In addition, the present invention applies the case of the film capacitor arranged to pass through the cooling water flow to aluminum, thereby further improving the heat radiation performance by using the relatively high thermal conductivity as compared with the resin stream. In particular, There is also an effect of reducing the size.

FIG. 3 is a perspective view of a film capacitor according to an embodiment of the present invention. FIG. 4 is a cross-sectional view of the water-cooled inverter according to the present invention. FIG. 5 is a view illustrating a water-cooled type inverter according to the present invention, and FIGS. 6 (a) and 6 (b) are block diagrams of a conventional water-cooled inverter.

Hereinafter, exemplary embodiments of the present invention will be described in detail with reference to the accompanying drawings, which illustrate exemplary embodiments of the present invention. The present invention is not limited to these embodiments.

1 shows an internal configuration of a water-cooled inverter according to the present embodiment.

As shown in the figure, the water-cooled inverter includes a housing 1 having an internal space, a cooler (not shown) which occupies the internal space of the housing 1 and circulates the cooling water introduced into the inlet nipple 13, A power module 20 occupying one space of the housing 1 from above the cooler 10 and an output bus bar 40 connected to the power module 20 above the cooler 10 by an output bus bar 40. [ And a watertight gasket 50 sealing the cooler 10 to block the leakage of cooling water.

The capacitor 30 is protected by an aluminum case and placed in contact with the wall surface in contact with the inner space of the housing 1.

Fig. 2 shows a configuration of a cooler provided in the water-cooled inverter according to the present embodiment.

As shown in the figure, the cooler 10 includes a cooling plate 11 provided in the housing 1 and cooling water introduced into the inlet nipple 13 of the cooling plate 11 repeatedly along the bottom surface of the cooling plate 11 And a radiating fin 12 connected to the outlet nipple 14 so as to be discharged to the opposite position after forming the cooling water circulation flow.

The cooling plate 11 may be formed separately from the housing 1 and attached to the housing 1 or may be formed using the housing 1.

The radiating fins 12 are formed of first, second, and third circulating flow paths 12a, 12b, 12c having a straight fin or a corrugated fin and formed with grooves through which cooling water flows, 12a, 12b, and 12c have a structure in which a substantially [U] shape is repeatedly stacked.
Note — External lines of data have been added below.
lemma lpn_lpn_fiber_prod_le:
  fixes f :: "nat \<Rightarrow> int \<Rightarrow> ennreal"
  assumes "p \<noteq> 0"
  shows "lpn p UNIV (\<lambda>k0. lpn p (fiber n k0) (\<lambda>k. \<Prod>i\<in>{1..n}. f i (k i)))
           \<le> (\<Prod>i\<in>{1..n}. lpn p UNIV (f i))"
  using assms
proof (cases rule: nonzero_ennreal_cases)
  case 1
  then show ?thesis
    by (auto simp: lpn_top intro!: SUP_least prod_mono_ennreal SUP_upper)
next
  case (2 r)
  then have "lpn p UNIV (\<lambda>k0. lpn p (fiber n k0) (\<lambda>k. \<Prod>i\<in>{1..n}. f i (k i)))
      = epowr (\<Sum>\<^sub>\<infinity>k0. \<Sum>\<^sub>\<infinity>k\<in>fiber n k0. \<Prod>i\<in>{1..n}. epowr (f i (k i)) r) (1 / r)"
    by (simp add: lpn_ennreal epowr_epowr epowr_prod)
  also have "\<dots> = (\<Prod>i\<in>{1..n}. lpn p UNIV (f i))"
    using 2 infsum_infsum_fiber_prod[of "\<lambda>i x. epowr (f i x) r" n]
    by (simp add: lpn_ennreal epowr_prod)
  finally show ?thesis by simp
qed

lemma infsum_fiber_prod_omit:
  fixes h :: "nat \<Rightarrow> int \<Rightarrow> ennreal"
  assumes "i \<in> {1..n}"
  shows "(\<Sum>\<^sub>\<infinity>k\<in>fiber n k0. \<Prod>j\<in>{1..n} - {i}. h j (k j)) = (\<Prod>j\<in>{1..n} - {i}. infsum (h j) UNIV)"
proof -
  have "(\<Sum>\<^sub>\<infinity>k\<in>fiber n k0. \<Prod>j\<in>{1..n} - {i}. h j (k j))
      = (\<Sum>\<^sub>\<infinity>k\<in>fiber n k0. \<Prod>j\<in>{1..n} - {i}. h j (restrict k ({1..n} - {i}) j))"
    by simp
  also have "\<dots> = (\<Sum>\<^sub>\<infinity>g\<in>PiE ({1..n} - {i}) (\<lambda>_. UNIV). \<Prod>j\<in>{1..n} - {i}. h j (g j))"
    by (rule infsum_reindex_bij_betw[OF bij_betw_fiber_PiE_omit[OF assms]])
  also have "\<dots> = (\<Prod>j\<in>{1..n} - {i}. infsum (h j) UNIV)"
    by (simp add: infsum_prod_PiE_ennreal)
  finally show ?thesis .
qed

lemma lpn_fiber_prod_omit:
  fixes f :: "nat \<Rightarrow> int \<Rightarrow> ennreal"
  assumes "i \<in> {1..n}" "0 < r" "0 < s"
  shows "lpn (ennreal (s * r)) (fiber n k0) (\<lambda>k. \<Prod>j\<in>{1..n} - {i}. epowr (f j (k j)) (1 / s))
           = (\<Prod>j\<in>{1..n} - {i}. epowr (lpn (ennreal r) UNIV (f j)) (1 / s))"
proof -
  have "lpn (ennreal (s * r)) (fiber n k0) (\<lambda>k. \<Prod>j\<in>{1..n} - {i}. epowr (f j (k j)) (1 / s))
      = epowr (\<Sum>\<^sub>\<infinity>k\<in>fiber n k0. \<Prod>j\<in>{1..n} - {i}. epowr (f j (k j)) r) (1 / (s * r))"
    using assms(2,3) by (simp add: lpn_ennreal epowr_prod epowr_epowr)
  also have "\<dots> = epowr (\<Prod>j\<in>{1..n} - {i}. \<Sum>\<^sub>\<infinity>x. epowr (f j x) r) (1 / (s * r))"
    using infsum_fiber_prod_omit[OF assms(1), of "\<lambda>j x. epowr (f j x) r"] by simp
  also have "\<dots> = (\<Prod>j\<in>{1..n} - {i}. epowr (lpn (ennreal r) UNIV (f j)) (1 / s))"
    using assms(2,3) by (simp add: lpn_ennreal epowr_prod epowr_epowr mult.commute[of s r])
  finally show ?thesis .
qed

lemma prod_prod_Diff_singleton:
  fixes h :: "'a \<Rightarrow> 'b::comm_monoid_mult"
  assumes "finite I"
  shows "(\<Prod>i\<in>I. \<Prod>j\<in>I - {i}. h j) = (\<Prod>j\<in>I. h j ^ (card I - 1))"
proof -
  have "(\<Prod>i\<in>I. \<Prod>j\<in>I - {i}. h j) = (\<Prod>i\<in>I. \<Prod>j\<in>{j\<in>I. i \<noteq> j}. h j)"
    by (intro prod.cong) auto
  also have "\<dots> = (\<Prod>j\<in>I. \<Prod>i\<in>{i\<in>I. i \<noteq> j}. h j)"
    by (rule prod.swap_restrict[OF assms assms])
  also have "\<dots> = (\<Prod>j\<in>I. h j ^ (card I - 1))"
  proof (intro prod.cong refl)
    fix j assume "j \<in> I"
    then have "{i\<in>I. i \<noteq> j} = I - {j}" by auto
    then show "(\<Prod>i\<in>{i\<in>I. i \<noteq> j}. h j) = h j ^ (card I - 1)"
      using assms \<open>j \<in> I\<close> by (simp add: card_Diff_singleton)
  qed
  finally show ?thesis .
qed

lemma prod_prod_Diff_singleton_epowr:
  assumes "finite I" "card I \<ge> 2"
  shows "(\<Prod>i\<in>I. \<Prod>j\<in>I - {i}. epowr (h j) (1 / (real (card I) - 1))) = (\<Prod>j\<in>I. h j)"
proof -
  define N where "N = card I - 1"
  have "card I = Suc N" "N > 0"
    using assms(2) by (simp_all add: N_def)
  then show ?thesis
    using assms(1) by (simp add: prod_prod_Diff_singleton epowr_inverse_power)
qed

section \<open>Bounds for the multilinear operator\<close>

definition Yop_majorant ::
    "nat \<Rightarrow> ((nat \<Rightarrow> int) \<Rightarrow> complex) \<Rightarrow> (nat \<Rightarrow> int \<Rightarrow> complex) \<Rightarrow> int \<Rightarrow> ennreal" where
  "Yop_majorant n m psi k0 =
     (\<Sum>\<^sub>\<infinity>k\<in>fiber n k0. ennreal (norm (m k)) * (\<Prod>i\<in>{1..n}. ennreal (norm (psi i (k i)))))"

lemma Yop_majorant_eq_infsum_norm:
  "Yop_majorant n m psi k0 = (\<Sum>\<^sub>\<infinity>k\<in>fiber n k0. ennreal (norm (m k * (\<Prod>i\<in>{1..n}. psi i (k i)))))"
  by (simp add: Yop_majorant_def norm_mult prod_norm ennreal_mult prod_ennreal)
lemma frechet_dual_taylor_bound:
  fixes F :: "'a::real_normed_vector \<Rightarrow> 'h::real_vector \<Rightarrow> real"
  assumes \<rho>: "ext_norm \<rho>" and S: "convex S" "x0 \<in> S" "x \<in> S"
    and fd: "\<And>y. y \<in> S \<Longrightarrow> frechet_dual \<rho> F (D y) y"
    and lip: "\<And>y k h. y \<in> S \<Longrightarrow> ereal (norm k) + \<rho> h \<le> 1 \<Longrightarrow>
                 \<bar>D y k h - D x0 k h\<bar> \<le> C * norm (y - x0)"
    and C: "0 \<le> C" and a: "\<rho> a < ereal M"
  shows "\<bar>F x a - F x0 a - D x0 (x - x0) a\<bar> \<le> 4 * M * C * (norm (x - x0))\<^sup>2"
proof -
  let ?y = "\<lambda>t. x0 + t *\<^sub>R (x - x0)"
  have y: "?y t \<in> S" if "t \<in> {0..1}" for t
    using convex_line_mem[OF S that] .
  have a_fin: "\<rho> a < \<infinity>" using a by (cases "\<rho> a") auto
  have "\<bar>F (?y 1) a - F (?y 0) a - D x0 (x - x0) a\<bar> \<le> 4 * M * (C * norm (x - x0)) * norm (x - x0)"
  proof (rule segment_remainder_bound[OF \<rho> a, where D = "\<lambda>t. D (?y t)"])
    show "((\<lambda>s. F (?y s) a) has_real_derivative D (?y t) (x - x0) a) (at t)" if "t \<in> {0..1}" for t
      using frechet_dual_line_derivative[OF \<rho> fd[OF y[OF that]] a_fin] by simp
    show "bilinear (D (?y t))" if "t \<in> {0..1}" for t
      using frechet_dual_bilinear[OF fd[OF y[OF that]]] .
    show "bilinear (D x0)" using frechet_dual_bilinear[OF fd[OF S(2)]] .
    fix t :: real and k :: 'a and h :: 'h assume t: "t \<in> {0..1}" and kh: "ereal (norm k) + \<rho> h \<le> 1"
    have "norm (?y t - x0) \<le> norm (x - x0)"
      using t by (simp add: mult_left_le_one_le)
    then show "\<bar>D (?y t) k h - D x0 k h\<bar> \<le> C * norm (x - x0)"
      using lip[OF y[OF t] kh] C by (meson mult_left_mono order_trans)
  qed
  then show ?thesis by (simp add: power2_eq_square mult.assoc)
qed

lemma frechet_dual_mixed_bound:
  fixes F1 F2 :: "'a::real_normed_vector \<Rightarrow> 'h::real_vector \<Rightarrow> real"
  assumes \<rho>: "ext_norm \<rho>" and S: "convex S" "x0 \<in> S" "x \<in> S"
    and fd1: "\<And>y. y \<in> S \<Longrightarrow> frechet_dual \<rho> F1 (D1 y) y"
    and fd2: "\<And>y. y \<in> S \<Longrightarrow> frechet_dual \<rho> F2 (D2 y) y"
    and close: "\<And>y k h. y \<in> S \<Longrightarrow> ereal (norm k) + \<rho> h \<le> 1 \<Longrightarrow> \<bar>D1 y k h - D2 y k h\<bar> \<le> c"
    and a: "\<rho> a < ereal M"
  shows "\<bar>(F1 x a - F2 x a) - (F1 x0 a - F2 x0 a)\<bar> \<le> 4 * M * c * norm (x - x0)"
proof -
  let ?y = "\<lambda>t. x0 + t *\<^sub>R (x - x0)"
  have y: "?y t \<in> S" if "t \<in> {0..1}" for t
    using convex_line_mem[OF S that] .
  have a_fin: "\<rho> a < \<infinity>" using a by (cases "\<rho> a") auto
  have "\<bar>(F1 (?y 1) a - F2 (?y 1) a) - (F1 (?y 0) a - F2 (?y 0) a) - (\<lambda>k h. 0) (x - x0) a\<bar>
        \<le> 4 * M * c * norm (x - x0)"
  proof (rule segment_remainder_bound[OF \<rho> a,
      where D = "\<lambda>t k h. D1 (?y t) k h - D2 (?y t) k h" and B = "\<lambda>k h. 0"])
    show "((\<lambda>s. F1 (?y s) a - F2 (?y s) a) has_real_derivative
            D1 (?y t) (x - x0) a - D2 (?y t) (x - x0) a) (at t)" if "t \<in> {0..1}" for t
      using DERIV_diff[OF frechet_dual_line_derivative[OF \<rho> fd1[OF y[OF that]] a_fin]
                          frechet_dual_line_derivative[OF \<rho> fd2[OF y[OF that]] a_fin]]
      by simp
    show "bilinear (\<lambda>k h. D1 (?y t) k h - D2 (?y t) k h)" if "t \<in> {0..1}" for t
      using bilinear_diff[OF frechet_dual_bilinear[OF fd1] frechet_dual_bilinear[OF fd2]] y[OF that]
      by blast
    show "bilinear (\<lambda>k h. 0 :: real)" by (simp add: bilinear_def linear_zero)
    show "\<bar>D1 (?y t) k h - D2 (?y t) k h - 0\<bar> \<le> c"
      if "t \<in> {0..1}" "ereal (norm k) + \<rho> h \<le> 1" for t k h
      using close[OF y that(2)] that(1) by simp
  qed
  then show ?thesis by simp
qed

lemma lipschitz_derivative_taylor_bound:
  fixes f :: "'a::real_normed_vector \<Rightarrow> real"
  assumes S: "convex S" "x0 \<in> S" "x \<in> S"
    and deriv: "\<And>y. y \<in> S \<Longrightarrow> (f has_derivative f' y) (at y)"
    and lip: "\<And>y. y \<in> S \<Longrightarrow> onorm (\<lambda>h. f' y h - f' x0 h) \<le> C * norm (y - x0)"
    and C: "0 \<le> C"
  shows "\<bar>f x - f x0 - f' x0 (x - x0)\<bar> \<le> C * (norm (x - x0))\<^sup>2"
proof -
  let ?d = "x - x0" and ?y = "\<lambda>t. x0 + t *\<^sub>R (x - x0)"
  have y: "?y t \<in> S" if "t \<in> {0..1}" for t
    using convex_line_mem[OF S that] .
  have "\<bar>f (?y 1) - f (?y 0) - f' x0 ?d\<bar> \<le> C * norm ?d * norm ?d"
  proof (rule MVT_remainder_bound)
    show "((\<lambda>s. f (?y s)) has_real_derivative f' (?y t) ?d) (at t)" if "t \<in> {0..1}" for t
      using has_derivative_along_line[OF deriv[OF y[OF that]]] .
    fix t :: real assume t: "t \<in> {0..1}"
    have "bounded_linear (\<lambda>h. f' (?y t) h - f' x0 h)"
      using deriv[OF y[OF t]] deriv[OF S(2)]
      by (intro bounded_linear_sub) (auto dest: has_derivative_bounded_linear)
    then have "\<bar>f' (?y t) ?d - f' x0 ?d\<bar> \<le> onorm (\<lambda>h. f' (?y t) h - f' x0 h) * norm ?d"
      using onorm by force
    also have "\<dots> \<le> C * norm (?y t - x0) * norm ?d"
      using lip[OF y[OF t]] by (intro mult_right_mono) auto
    also have "\<dots> \<le> C * norm ?d * norm ?d"
      using t C by (intro mult_right_mono mult_left_mono) (auto simp: mult_left_le_one_le)
    finally show "\<bar>f' (?y t) ?d - f' x0 ?d\<bar> \<le> C * norm ?d * norm ?d" .
  qed
  then show ?thesis by (simp add: power2_eq_square mult.assoc)
qed

lemma quadratic_directional_derivative:
  fixes f :: "'a::real_normed_vector \<Rightarrow> real"
  assumes quad: "\<And>y. f y - f x0 = l (y - x0) + 1/2 * B (y - x0) (y - x0)"
    and l: "linear l" and B: "bilinear B" and sym: "\<And>h k. B h k = B k h"
    and deriv: "(f has_derivative f') (at x)"
  shows "f' a = l a + B (x - x0) a"
proof -
  let ?d = "x - x0"
  have line: "f (x + s *\<^sub>R a) = f x0 + l ?d + s * l a
                + 1/2 * (B ?d ?d + 2 * s * B ?d a + s\<^sup>2 * B a a)" for s
  proof -
    have shift: "x + s *\<^sub>R a - x0 = ?d + s *\<^sub>R a" by simp
    have "l (?d + s *\<^sub>R a) = l ?d + s * l a"
      by (simp add: linear_add[OF l] linear_scale[OF l])
    moreover have "B (?d + s *\<^sub>R a) (?d + s *\<^sub>R a) = B ?d ?d + 2 * s * B ?d a + s\<^sup>2 * B a a"
      using sym[of a ?d]
      unfolding bilinear_ladd[OF B] bilinear_radd[OF B] bilinear_lmul[OF B] bilinear_rmul[OF B]
      by (simp add: power2_eq_square algebra_simps)
    ultimately show ?thesis using quad[of "x + s *\<^sub>R a"] unfolding shift by simp
  qed
  have "((\<lambda>s. f (x + s *\<^sub>R a)) has_real_derivative l a + B ?d a) (at 0)"
    unfolding line by (auto intro!: derivative_eq_intros)
  moreover have "((\<lambda>s. f (x + s *\<^sub>R a)) has_real_derivative f' a) (at 0)"
    using has_derivative_along_line[of f f' x 0 a] deriv by simp
  ultimately show ?thesis using DERIV_unique by metis
qed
The first circulation flow passage 12a is formed on the left side (in FIG. 2) and the third circulation flow passage 12a is formed on the second circulation flow passage 12b with respect to the first circulation flow passage 12a, 12b, (12c) is formed on the left side (in Fig. 2).

The power module 20 occupies a lower portion of the first, second and third circulation channels 12a, 12b and 12c and the film capacitor 30 is connected to the first, second and third circulation channels 12a, 12b, 12c.
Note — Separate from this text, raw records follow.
(* For any signature $\Sigma$ and any reduced $\Sigma$-forest $f$, the coproduct of $\mathbf N(T(\Sigma))$ satisfies $$\Delta E_f=\sum_{I_1,I_2\subseteq[\deg f]}[(I_1,I_2)\text{ is } f\text{-admissible}]\;E_{f(I_1)}\otimes E_{f(I_2)}.$$
   Context: $\mathbb K$ is a field of characteristic zero, $\mathbb N=\{0,1,2,\dots\}$, $[n]=\{1,\dots,n\}$, and $[P]$ is $1$ if $P$ holds and $0$ otherwise. A signature is a set $\Sigma$ with an arity map $|\cdot|:\Sigma\to\mathbb N$; $\Sigma(n)$ is the set of elements of arity $n$. A $\Sigma$-term is either the leaf $\bot$ or $s(t_1,\dots,t_n)$ with $s\in\Sigma(n)$ and $\Sigma$-terms $t_i$ (a planar rooted tree with internal nodes with $n$ children decorated by $\Sigma(n)$); its degree is its number of internal nodes, its arity $|t|$ its number of leaves. $T(\Sigma)$ is the free nonsymmetric operad on $\Sigma$: $t[t_1,\dots,t_{|t|}]$ grafts the root of $t_i$ onto the $i$-th leaf of $t$ (leaves numbered left to right), unit $\bot$. A $\Sigma$-forest is a finite word of terms, of degree the sum of the degrees; it is reduced if no term is $\bot$; $\mathrm{rd}(w)$ deletes the terms equal to $\bot$ from a word $w$ of terms. The internal nodes of a forest $f$ are identified with $1,\dots,\deg f$ by the left-to-right preorder traversal (terms taken from left to right). For a reduced forest $f$ and $I\subseteq[\deg f]$, the restriction $f(I)$ is the reduced forest obtained by keeping only the internal nodes of $f$ that are in $I$ (with their decorations and arities) and the edges between them: every child position of a kept node which is occupied in $f$ by a leaf or by a node not in $I$ becomes a leaf, each kept node whose parent is not kept (or which is a root) becomes the root of a new term, and the resulting terms are ordered by the preorder rank in $f$ of their roots. In particular $f(\emptyset)=\epsilon$. A pair $(I_1,I_2)$ is $f$-admissible if $I_1\sqcup I_2=[\deg f]$, every ancestor of a node in $I_1$ is in $I_1$, and every descendant of a node in $I_2$ is in $I_2$. $\mathbf N(T(\Sigma))$ is the $\mathbb K$-vector space with basis $E_f$, $f$ reduced $\Sigma$-forest, with product $E_{f_1}E_{f_2}=E_{f_1f_2}$ and coproduct the unique algebra morphism with $\Delta E_t=\sum E_{\mathrm{rd}(t')}\otimes E_{\mathrm{rd}(t_1\cdots t_{|t'|})}$ for terms $t\ne\bot$, summed over all $t',t_1,\dots,t_{|t'|}\in T(\Sigma)$ with $t=t'[t_1,\dots,t_{|t'|}]$ (with $E_{\mathrm{rd}(\bot)}=E_\epsilon$). *)

theory Defs
  imports Main
begin

text \<open>A signature is given by a carrier set Sig of symbols of type 's together with an
arity map ar.  A Sigma-term is Leaf (the leaf bot) or Node s ts.\<close>

datatype 's sterm = Leaf | Node 's "'s sterm list"

type_synonym 's forest = "'s sterm list"

fun wf_term :: "'s set \<Rightarrow> ('s \<Rightarrow> nat) \<Rightarrow> 's sterm \<Rightarrow> bool" where
  "wf_term Sig ar Leaf = True"
| "wf_term Sig ar (Node s ts) = (s \<in> Sig \<and> length ts = ar s \<and> (\<forall>t\<in>set ts. wf_term Sig ar t))"

fun leaves :: "'s sterm \<Rightarrow> nat" where
  "leaves Leaf = 1"
| "leaves (Node s ts) = sum_list (map leaves ts)"

fun graft :: "'s sterm \<Rightarrow> 's sterm list \<Rightarrow> 's sterm"
and graft_list :: "'s sterm list \<Rightarrow> 's sterm list \<Rightarrow> 's sterm list" where
  "graft Leaf us = hd us"
| "graft (Node s cs) us = Node s (graft_list cs us)"
| "graft_list [] us = []"
| "graft_list (c # cs) us = graft c (take (leaves c) us) # graft_list cs (drop (leaves c) us)"

definition reduced :: "'s forest \<Rightarrow> bool" where
  "reduced f \<longleftrightarrow> (\<forall>t\<in>set f. t \<noteq> Leaf)"

definition rd :: "'s forest \<Rightarrow> 's forest" where
  "rd w = filter (\<lambda>t. t \<noteq> Leaf) w"

fun nodes_term :: "'s sterm \<Rightarrow> nat list list"
and nodes_list :: "nat \<Rightarrow> 's sterm list \<Rightarrow> nat list list" where
  "nodes_term Leaf = []"
| "nodes_term (Node s cs) = [] # nodes_list 0 cs"
| "nodes_list j [] = []"
| "nodes_list j (c # cs) = map (Cons j) (nodes_term c) @ nodes_list (Suc j) cs"

text \<open>Internal nodes of a forest as pairs (term index, path), in left-to-right preorder;
the node with preorder number k (1-based) is  forest_nodes f ! (k - 1).\<close>
definition forest_nodes :: "'s forest \<Rightarrow> (nat \<times> nat list) list" where
  "forest_nodes f = concat (map (\<lambda>i. map (\<lambda>p. (i, p)) (nodes_term (f ! i))) [0..<length f])"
The inlet nipple 13 and the outlet nipple 14 may be separately manufactured and connected to the cooling plate 11 or may be formed integrally with the cooling plate 11.
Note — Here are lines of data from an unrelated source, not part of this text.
lemma gen_orb_disjoint:
  assumes "x \<in> \<Phi>" "y \<in> \<Phi>" "gen_orb fs x \<noteq> gen_orb fs y"
  shows "gen_orb fs x \<inter> gen_orb fs y = {}"
proof -
  have "gen_orb fs x = gen_orb fs y" if "z \<in> gen_orb fs x" "z \<in> gen_orb fs y" for z
    using gen_orb_eq[OF assms(1) that(1)] gen_orb_eq[OF assms(2) that(2)] by simp
  then show ?thesis
    using assms(3) by blast
qed

lemma card_eq_sum_card_gen_orb:
  assumes "finite \<Phi>"
  shows "card \<Phi> = (\<Sum>C \<in> gen_orb fs ` \<Phi>. card C)"
proof -
  have "pairwise disjnt (gen_orb fs ` \<Phi>)"
    by (rule pairwise_imageI) (simp add: disjnt_def gen_orb_disjoint)
  moreover have "finite C" if "C \<in> gen_orb fs ` \<Phi>" for C
    using that gen_orb_subset assms finite_subset by blast
  ultimately have "card (\<Union> (gen_orb fs ` \<Phi>)) = (\<Sum>C \<in> gen_orb fs ` \<Phi>. card C)"
    by (rule card_Union_disjoint)
  moreover have "\<Union> (gen_orb fs ` \<Phi>) = \<Phi>"
    using gen_orb_subset gen_orb_self[of _ fs] by blast
  ultimately show ?thesis
    by simp
qed

lemma mult_card_orbits_le_card:
  assumes "finite \<Phi>" "\<And>x. x \<in> \<Phi> \<Longrightarrow> k \<le> card (gen_orb fs x)"
  shows "k * card (gen_orb fs ` \<Phi>) \<le> card \<Phi>"
proof -
  have "card (gen_orb fs ` \<Phi>) * k \<le> (\<Sum>C \<in> gen_orb fs ` \<Phi>. card C)"
    using sum_bounded_below[of "gen_orb fs ` \<Phi>" k card] assms(2) by auto
  then show ?thesis
    using card_eq_sum_card_gen_orb[OF assms(1)] by (simp add: mult.commute)
qed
3 shows a structure of a film capacitor according to this embodiment.

As shown in the figure, the film capacitor 30 has a stepped water-tight heat-radiating surface 31 formed on the bottom surface and an output bus bar 40 having a plurality of terminals electrically connected to the power module 20 on one side surface thereof. Respectively.

The watertight heat radiating surface 31 is placed on the radiating fin 12 formed on the cooling plate 11 of the cooler 10 and forms a flat surface of a certain level for adhesion with the watertight gasket 50.

4 shows the watertight structure of the film capacitor according to the present embodiment.

As shown in the figure, the watertight gasket 50 is elastically deformed by an external force applied when the elastic body of the rubber material (EPDM or the like) has a predetermined size and the deformable body 50a protrudes upward and downward in an elliptical shape.

When the watertight gasket 50 is assembled to the airtight groove 1a of the housing 1, the elastic body forms a primary airtight structure with respect to the airtight groove 1a in a state where the airtight groove 1a is fitted, Tight structure with respect to the airtight groove (1a) in a state where the deformed body (50a) pressed by the elastic body (30) is elastically deformed.

The watertight gasket (50) is pressed through the stepped watertight heat dissipation surface (31) constituting the bottom surface of the film capacitor (30).

5 shows an assembled state of the water-cooled inverter according to the present embodiment.

As shown in the figure, the water-cooled inverter is disposed below the first, second, and third circulation flow paths 12a, 12b, and 12c of the cooler 10 by locating the power module 20 on one side inside the housing 1 And the film capacitor 30 electrically connected to the power module 20 via the output busbar 40 is positioned in the housing 1 from the inside to the outside of the housing 1, (In Fig. 5) of the circulating flow paths 12a, 12b, and 12c.

Normally, the power module 20 is bolted or screwed to the housing 1 in an appropriate number, and the film capacitor 30 is bolted or screwed to the housing 1 in an appropriate number.

The number of fastening of the film capacitor 30 may be 4 to 6 depending on the size thereof.

When the cooling water enters the cooler 10 through the inlet nipple 13, the cooling water flows into the first circulation flow passage 12a, flows through the first circulation flow passage 12a, and then flows into the second circulation flow passage 12b, Enters the second circulation flow passage 12b and circulates through the second circulation flow passage 12b and then flows into the third circulation flow passage 12c to circulate the third circulation flow passage 12c and then to the outlet nipple 14 ).

Thus, the power module 20 is directly heat-exchanged with the cooling water circulated in the lower portions of the first, second, and third circulation channels 12a, 12b, and 12c, and at the same time, the film capacitors 30, And is directly heat-exchanged with the cooling water circulated in the upper portion of the circulation flow paths 12a, 12b, and 12c.

The same cooling structure as the cooling structure of the power module 20 directly heat-exchanged through the cooling water is also applied to the film capacitor 30 so that the cooling performance of the film capacitor 30 can be greatly increased, It is possible to apply a film capacitor having a low temperature characteristic to the same performance.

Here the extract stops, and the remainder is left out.